Fractional Diffusion Bridges
Yuzuru Inahama
TL;DR
This work addresses conditioning stochastic systems driven by fractional Brownian motion to a prescribed terminal point by forming fractional diffusion bridges via quasi-sure Malliavin analysis. It develops a quasi-sure refinement of canonical rough-path lifts (Besov and Hölder frameworks) and constructs bridge measures, including the Brownian special case that recovers classical diffusion bridges under nondegeneracy. A Freidlin–Wentzell type small-noise Large Deviation Principle is established for scaled bridges under an ellipticity condition, with the rate function given by a Cameron–Martin energy minimization over skeleton paths. The results extend to the Young regime H>1/2 and align with classical diffusion-bridge theory in that setting, offering a rigorous conditioning framework for non-Markovian fractional diffusions.
Abstract
Consider ``stochastic differential equations" driven by fractional Brownian motion with Hurst parameter H (1/4 <H< 1).

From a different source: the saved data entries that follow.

(* Let $f: D\to\{0,1\}$, $D\subseteq\{0,1\}^n$, be a non-constant $n$-bit partial Boolean function. Then $f$ can be computed exactly by a quantum 1-query algorithm if and only if there exists a vector $\vec\beta=(\beta_0,\beta_1,\dots,\beta_n)^T$ with all $\beta_i\ge 0$, $\beta_0+\beta_1+\cdots+\beta_n=1$, and $$\beta_0+\sum_{i=1}^n \beta_i(-1)^{x_i\oplus y_i}=0$$ for all $x\in\{x\in D: f(x)=0\}$ and all $y\in\{y\in D: f(y)=1\}$ (i.e. $(|F(x\oplus y)\rangle_1)^T\vec\beta=0$).
   Context: An $n$-bit partial Boolean function is a map $f:D\to\{0,1\}$ with $D\subseteq\{0,1\}^n$. For $z\in\{0,1\}^n$, $|F(z)\rangle_1=(1,(-1)^{z_1},\dots,(-1)^{z_n})^T\in\mathbb{R}^{n+1}$. A quantum 1-query algorithm works in a finite-dimensional Hilbert space with orthonormal basis $\{|i,j'\rangle\}$, where $i\in\{0,1,\dots,n\}$ and $j'$ ranges over a finite set; for input $x\in\{0,1\}^n$ the oracle is the unitary $O_x|i,j'\rangle=(-1)^{x_i}|i,j'\rangle$ for $i\in\{1,\dots,n\}$ and $O_x|0,j'\rangle=|0,j'\rangle$. The algorithm consists of an initial state $|\psi_0\rangle$, input-independent unitaries $U_0,U_1$, and a projective measurement with outcomes in $\{0,1\}$ applied to $U_1O_xU_0|\psi_0\rangle$. It computes $f$ exactly if for every $x\in D$ the outcome equals $f(x)$ with probability $1$. *)

theory Defs
  imports Complex_Main
begin

(* Bit strings in {0,1}^n are boolean lists of length n; True encodes 1.
  Bit x_i (1-based) is  x ! (i - 1).
  The Hilbert space has orthonormal basis |i,j> with i in {0..n}, j in {0..<m}
  (m \<ge> 1 arbitrary: any finite set of work indices). States are
  functions on index pairs, only values on the basis index set matter. *)

type_synonym idx = "nat \<times> nat"
type_synonym qstate = "idx \<Rightarrow> complex"
type_synonym qop = "idx \<Rightarrow> idx \<Rightarrow> complex"

definition basis_idx :: "nat \<Rightarrow> nat \<Rightarrow> idx set" where
  "basis_idx n m = {0..n} \<times> {0..<m}"

definition apply_op :: "nat \<Rightarrow> nat \<Rightarrow> qop \<Rightarrow> qstate \<Rightarrow> qstate" where
  "apply_op n m U v = (\<lambda>a. \<Sum>b\<in>basis_idx n m. U a b * v b)"

definition is_unitary :: "nat \<Rightarrow> nat \<Rightarrow> qop \<Rightarrow> bool" where
  "is_unitary n m U \<longleftrightarrow>
     (\<forall>a\<in>basis_idx n m. \<forall>b\<in>basis_idx n m.
        (\<Sum>c\<in>basis_idx n m. cnj (U c a) * U c b) = (if a = b then 1 else 0))"

definition is_projection :: "nat \<Rightarrow> nat \<Rightarrow> qop \<Rightarrow> bool" where
  "is_projection n m P \<longleftrightarrow>
     (\<forall>a\<in>basis_idx n m. \<forall>b\<in>basis_idx n m. P a b = cnj (P b a)) \<and>
     (\<forall>a\<in>basis_idx n m. \<forall>b\<in>basis_idx n m.
        (\<Sum>c\<in>basis_idx n m. P a c * P c b) = P a b)"

definition sq_norm :: "nat \<Rightarrow> nat \<Rightarrow> qstate \<Rightarrow> real" where
  "sq_norm n m v = (\<Sum>a\<in>basis_idx n m. (cmod (v a)) ^ 2)"

definition id_op :: qop where
  "id_op = (\<lambda>a b. if a = b then 1 else 0)"

definition meas_proj :: "qop \<Rightarrow> bool \<Rightarrow> qop" where
  "meas_proj P b = (if b then P else (\<lambda>a c. id_op a c - P a c))"

definition outcome_prob :: "nat \<Rightarrow> nat \<Rightarrow> qop \<Rightarrow> qstate \<Rightarrow> bool \<Rightarrow> real" where
  "outcome_prob n m P v b = sq_norm n m (apply_op n m (meas_proj P b) v)"

definition query_op :: "bool list \<Rightarrow> qstate \<Rightarrow> qstate" where
  "query_op x v = (\<lambda>(i, j). (if 1 \<le> i \<and> x ! (i - 1) then -1 else 1) * v (i, j))"

definition final_state :: "nat \<Rightarrow> nat \<Rightarrow> qstate \<Rightarrow> qop \<Rightarrow> qop \<Rightarrow> bool list \<Rightarrow> qstate" where
  "final_state n m \<psi>0 U0 U1 x = apply_op n m U1 (query_op x (apply_op n m U0 \<psi>0))"

definition exact_1query :: "nat \<Rightarrow> bool list set \<Rightarrow> (bool list \<Rightarrow> bool) \<Rightarrow> bool" where
  "exact_1query n D f \<longleftrightarrow>
     (\<exists>m::nat. \<exists>\<psi>0 U0 U1 P. m \<ge> 1 \<and> sq_norm n m \<psi>0 = 1 \<and>
        is_unitary n m U0 \<and> is_unitary n m U1 \<and> is_projection n m P \<and>
        (\<forall>x\<in>D. outcome_prob n m P (final_state n m \<psi>0 U0 U1 x) (f x) = 1))"
text \<open>Fix a face S and grid partitions P of [0,b] and Q, Q' of [0,a]. Refining a grid never
  decreases its Vitali sum, because box_delta is additive when a cell is cut in two. So pass to a
  common refinement R of P, Q, Q' on [0,b] that contains the corner a. Its cells inside [0,a] form
  a grid of [0,a] refining Q and Q', and on each remaining cell
  |\<Delta>(f+g)| \<le> |\<Delta>f| + |\<Delta>g|. This gives
  V(f+g;b) + V(f;a) + V(g;a) \<le> V(f+g;a) + V(f;b) + V(g;b) face by face; bounded variation
  makes all six terms finite, so the inequality can be rearranged.\<close>

lemma ereal_diff_le_of_add_le:
  fixes p q r s u v :: ereal
  assumes "\<bar>p\<bar> \<noteq> \<infinity>" "\<bar>q\<bar> \<noteq> \<infinity>" "\<bar>r\<bar> \<noteq> \<infinity>" "\<bar>s\<bar> \<noteq> \<infinity>" "\<bar>u\<bar> \<noteq> \<infinity>" "\<bar>v\<bar> \<noteq> \<infinity>"
    and "p + q + r \<le> s + u + v"
  shows "p - s \<le> u + v - q - r"
proof -
  obtain p' q' r' s' u' v' where
    "p = ereal p'" "q = ereal q'" "r = ereal r'" "s = ereal s'" "u = ereal u'" "v = ereal v'"
    using assms(1-6) by (metis ereal_real')
  then show ?thesis using assms(7) by simp
qed

lemma ereal_SUP_add_SUP_le:
  fixes u :: "'a \<Rightarrow> ereal" and v :: "'b \<Rightarrow> ereal"
  assumes "A \<noteq> {}" "B \<noteq> {}" "\<And>x. x \<in> A \<Longrightarrow> 0 \<le> u x" "\<And>y. y \<in> B \<Longrightarrow> 0 \<le> v y"
    and "\<And>x y. x \<in> A \<Longrightarrow> y \<in> B \<Longrightarrow> u x + v y \<le> C"
  shows "(SUP x\<in>A. u x) + (SUP y\<in>B. v y) \<le> C"
proof -
  have "0 \<le> (SUP y\<in>B. v y)" using assms(2,4) by (meson SUP_upper2 ex_in_conv)
  then have "(SUP x\<in>A. u x) + (SUP y\<in>B. v y) = (SUP x\<in>A. u x + (SUP y\<in>B. v y))"
    using assms(1) by (simp add: SUP_ereal_add_left)
  also have "\<dots> = (SUP x\<in>A. SUP y\<in>B. u x + v y)"
    using assms(2,3) by (intro SUP_cong refl) (simp add: SUP_ereal_add_right)
  also have "\<dots> \<le> C" using assms(5) by (intro SUP_least)
  finally show ?thesis .
qed

definition vec_upd :: "'a^'n \<Rightarrow> 'n \<Rightarrow> 'a \<Rightarrow> 'a^'n" where
  "vec_upd v k t = (\<chi> i. if i = k then t else v$i)"

lemma vec_upd_nth [simp]: "vec_upd v k t $ i = (if i = k then t else v$i)"
  by (simp add: vec_upd_def)

definition box_vertex :: "'n set \<Rightarrow> 'a^'n \<Rightarrow> 'a^'n \<Rightarrow> 'a^'n" where
  "box_vertex J c e = (\<chi> i. if i \<in> J then e$i else c$i)"

lemma sum_Pow_remove:
  assumes "finite S" "k \<in> S"
  shows "(\<Sum>J\<in>Pow S. F J) = (\<Sum>J\<in>Pow (S - {k}). F (insert k J) + F J)"
proof -
  have S: "S = insert k (S - {k})" using assms by auto
  have inj: "inj_on (insert k) (Pow (S - {k}))" by (auto simp: inj_on_def)
  have "(\<Sum>J\<in>Pow S. F J) = (\<Sum>J\<in>Pow (S - {k}). F J) + (\<Sum>J\<in>insert k ` Pow (S - {k}). F J)"
    by (subst S, subst Pow_insert, rule sum.union_disjoint) (use assms in auto)
  also have "(\<Sum>J\<in>insert k ` Pow (S - {k}). F J) = (\<Sum>J\<in>Pow (S - {k}). F (insert k J))"
    by (rule sum.reindex[OF inj, unfolded comp_def])
  finally show ?thesis by (simp add: sum.distrib add.commute)
qed

lemma box_delta_eq_sum_differences:
  assumes "k \<in> S"
  shows "box_delta h S c e = (\<Sum>J\<in>Pow (S - {k}). (-1) ^ card (S - {k} - J) *
     (h (box_vertex (insert k J) c e) - h (box_vertex J c e)))"
proof -
  have "box_delta h S c e = (\<Sum>J\<in>Pow S. (-1) ^ card (S - J) * h (box_vertex J c e))"
    by (simp add: box_delta_def box_vertex_def)
  also have "\<dots> = (\<Sum>J\<in>Pow (S - {k}). (-1) ^ card (S - insert k J) * h (box_vertex (insert k J) c e)
      + (-1) ^ card (S - J) * h (box_vertex J c e))"
    by (rule sum_Pow_remove) (use assms in auto)
  also have "\<dots> = (\<Sum>J\<in>Pow (S - {k}). (-1) ^ card (S - {k} - J) *
     (h (box_vertex (insert k J) c e) - h (box_vertex J c e)))"
  proof (rule sum.cong[OF refl])
    fix J assume J: "J \<in> Pow (S - {k})"
    have "S - insert k J = S - {k} - J" by auto
    moreover have "S - J = insert k (S - {k} - J)" using J assms by auto
    then have "card (S - J) = Suc (card (S - {k} - J))" by simp
    ultimately show "(-1) ^ card (S - insert k J) * h (box_vertex (insert k J) c e)
        + (-1) ^ card (S - J) * h (box_vertex J c e)
      = (-1) ^ card (S - {k} - J) * (h (box_vertex (insert k J) c e) - h (box_vertex J c e))"
      by (simp add: algebra_simps)
  qed
  finally show ?thesis .
qed

lemma box_delta_cut:
  assumes "k \<in> S"
  shows "box_delta h S c e = box_delta h S c (vec_upd e k t) + box_delta h S (vec_upd c k t) e"
proof -
  have "box_vertex (insert k J) c (vec_upd e k t) = box_vertex J (vec_upd c k t) e"
    "box_vertex J c (vec_upd e k t) = box_vertex J c e"
    "box_vertex (insert k J) (vec_upd c k t) e = box_vertex (insert k J) c e"
    if "J \<in> Pow (S - {k})" for J
    using that by (auto simp: vec_eq_iff box_vertex_def)
  then show ?thesis
    unfolding box_delta_eq_sum_differences[OF assms, of h] sum.distrib[symmetric]
    by (intro sum.cong) (simp_all add: algebra_simps)
qed

lemma box_delta_add:
  "box_delta (\<lambda>x. f x + g x) S c e = box_delta f S c e + box_delta g S c e"
  by (simp add: box_delta_def algebra_simps sum.distrib)

lemma mem_face_cells:
  "(c, e) \<in> face_cells S P \<longleftrightarrow>
     (\<forall>i\<in>S. c$i \<in> P i \<and> e$i \<in> P i \<and> c$i < e$i \<and> P i \<inter> {c$i<..<e$i} = {})
     \<and> (\<forall>i. i \<notin> S \<longrightarrow> c$i = 0 \<and> e$i = 0)"
  by (simp add: face_cells_def)

lemma face_cells_cong:
  "(\<And>i. i \<in> S \<Longrightarrow> P i = P' i) \<Longrightarrow> face_cells S P = face_cells S P'"
  unfolding face_cells_def by auto

lemma finite_vec_range:
  assumes "finite U"
  shows "finite {x::'a^'n. \<forall>i. x$i \<in> U}"
proof -
  have "vec_nth ` {x::'a^'n. \<forall>i. x$i \<in> U} \<subseteq> (\<Pi>\<^sub>E i\<in>UNIV. U)" by auto
  then have "finite (vec_nth ` {x::'a^'n. \<forall>i. x$i \<in> U})"
    by (rule finite_subset) (simp add: assms finite_PiE)
  then show ?thesis by (rule finite_imageD) (simp add: inj_on_def vec_eq_iff)
qed

lemma finite_face_cells:
  fixes P :: "'n::finite \<Rightarrow> real set"
  assumes "\<And>i. finite (P i)"
  shows "finite (face_cells S P)"
proof -
  let ?V = "{x::real^'n. \<forall>i. x$i \<in> insert 0 (\<Union>i. P i)}"
  have "face_cells S P \<subseteq> ?V \<times> ?V"
    by (auto simp: face_cells_def) (metis, metis)
  moreover have "finite ?V" by (rule finite_vec_range) (simp add: assms)
  then have "finite (?V \<times> ?V)" by blast
  ultimately show ?thesis by (rule finite_subset)
qed

text \<open>No division point lies strictly inside a cell, so a cell is determined by either corner.\<close>

lemma face_cells_lower_determines:
  assumes "(c, e) \<in> face_cells S P" "(c, e') \<in> face_cells S P"
  shows "e = e'"
proof -
  have "e$i = e'$i" for i
  proof (cases "i \<in> S")
    case True
    then have "e$i \<in> P i" "e'$i \<in> P i" "c$i < e$i" "c$i < e'$i"
      "P i \<inter> {c$i<..<e$i} = {}" "P i \<inter> {c$i<..<e'$i} = {}"
      using assms by (auto simp: mem_face_cells)
    then show ?thesis by (metis disjoint_iff greaterThanLessThan_iff linorder_neqE_linordered_idom)
  qed (use assms in \<open>auto simp: mem_face_cells\<close>)
  then show ?thesis by (simp add: vec_eq_iff)
qed

lemma face_cells_upper_determines:
  assumes "(c, e) \<in> face_cells S P" "(c', e) \<in> face_cells S P"
  shows "c = c'"
proof -
  have "c$i = c'$i" for i
  proof (cases "i \<in> S")
    case True
    then have "c$i \<in> P i" "c'$i \<in> P i" "c$i < e$i" "c'$i < e$i"
      "P i \<inter> {c$i<..<e$i} = {}" "P i \<inter> {c'$i<..<e$i} = {}"
      using assms by (auto simp: mem_face_cells)
    then show ?thesis by (metis disjoint_iff greaterThanLessThan_iff linorder_neqE_linordered_idom)
  qed (use assms in \<open>auto simp: mem_face_cells\<close>)
  then show ?thesis by (simp add: vec_eq_iff)
qed

lemma inj_on_face_cells_upd_upper:
  "inj_on (\<lambda>ce. (fst ce, vec_upd (snd ce) k t)) (face_cells S P)"
proof (rule inj_onI)
  fix x y assume x: "x \<in> face_cells S P" and y: "y \<in> face_cells S P"
    and eq: "(fst x, vec_upd (snd x) k t) = (fst y, vec_upd (snd y) k t)"
  then have "fst x = fst y" by simp
  then have "(fst x, snd x) \<in> face_cells S P" "(fst x, snd y) \<in> face_cells S P"
    using x y by (metis prod.collapse)+
  then have "snd x = snd y" by (rule face_cells_lower_determines)
  with \<open>fst x = fst y\<close> show "x = y" by (simp add: prod_eq_iff)
qed

lemma inj_on_face_cells_upd_lower:
  "inj_on (\<lambda>ce. (vec_upd (fst ce) k t, snd ce)) (face_cells S P)"
proof (rule inj_onI)
  fix x y assume x: "x \<in> face_cells S P" and y: "y \<in> face_cells S P"
    and eq: "(vec_upd (fst x) k t, snd x) = (vec_upd (fst y) k t, snd y)"
  then have "snd x = snd y" by simp
  then have "(fst x, snd x) \<in> face_cells S P" "(fst y, snd x) \<in> face_cells S P"
    using x y by (metis prod.collapse)+
  then have "fst x = fst y" by (rule face_cells_upper_determines)
  with \<open>snd x = snd y\<close> show "x = y" by (simp add: prod_eq_iff)
qed

lemma face_cell_insert_point:
  assumes "(c, e) \<in> face_cells S P" "\<not> (c$k < t \<and> t < e$k)"
  shows "(c, e) \<in> face_cells S (P(k := insert t (P k)))"
  using assms by (auto simp: mem_face_cells)

lemma face_cell_split_at_point:
  assumes "(c, e) \<in> face_cells S P" "c$k < t" "t < e$k"
  shows "(c, vec_upd e k t) \<in> face_cells S (P(k := insert t (P k)))"
    and "(vec_upd c k t, e) \<in> face_cells S (P(k := insert t (P k)))"
  using assms by (auto simp: mem_face_cells disjoint_iff) (meson less_trans)+

definition vitali_sum :: "(real^'n \<Rightarrow> real) \<Rightarrow> 'n::finite set \<Rightarrow> ('n \<Rightarrow> real set) \<Rightarrow> real" where
  "vitali_sum h S P = (\<Sum>ce\<in>face_cells S P. \<bar>box_delta h S (fst ce) (snd ce)\<bar>)"

lemma vitali_sum_nonneg: "0 \<le> vitali_sum h S P"
  unfolding vitali_sum_def by (rule sum_nonneg) simp

lemma vitali_sum_add_le:
  "vitali_sum (\<lambda>x. f x + g x) S P \<le> vitali_sum f S P + vitali_sum g S P"
  unfolding vitali_sum_def box_delta_add sum.distrib[symmetric]
  by (rule sum_mono) (rule abs_triangle_ineq)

Their solutions are sometimes called fractional diffusion processes. The main purpose of this paper is conditioning these processes to reach a given terminal point. We call the conditioned processes fractional diffusion bridges. Our main tool for mathematically rigorous conditioning is quasi-sure analysis, which is a potential theoretic part of Malliavin calculus. We also prove a small-noise large deviation principle of Freidlin-Wentzell type for scaled fractional diffusion bridges under a mild ellipticity assumption on the coefficient vector fields.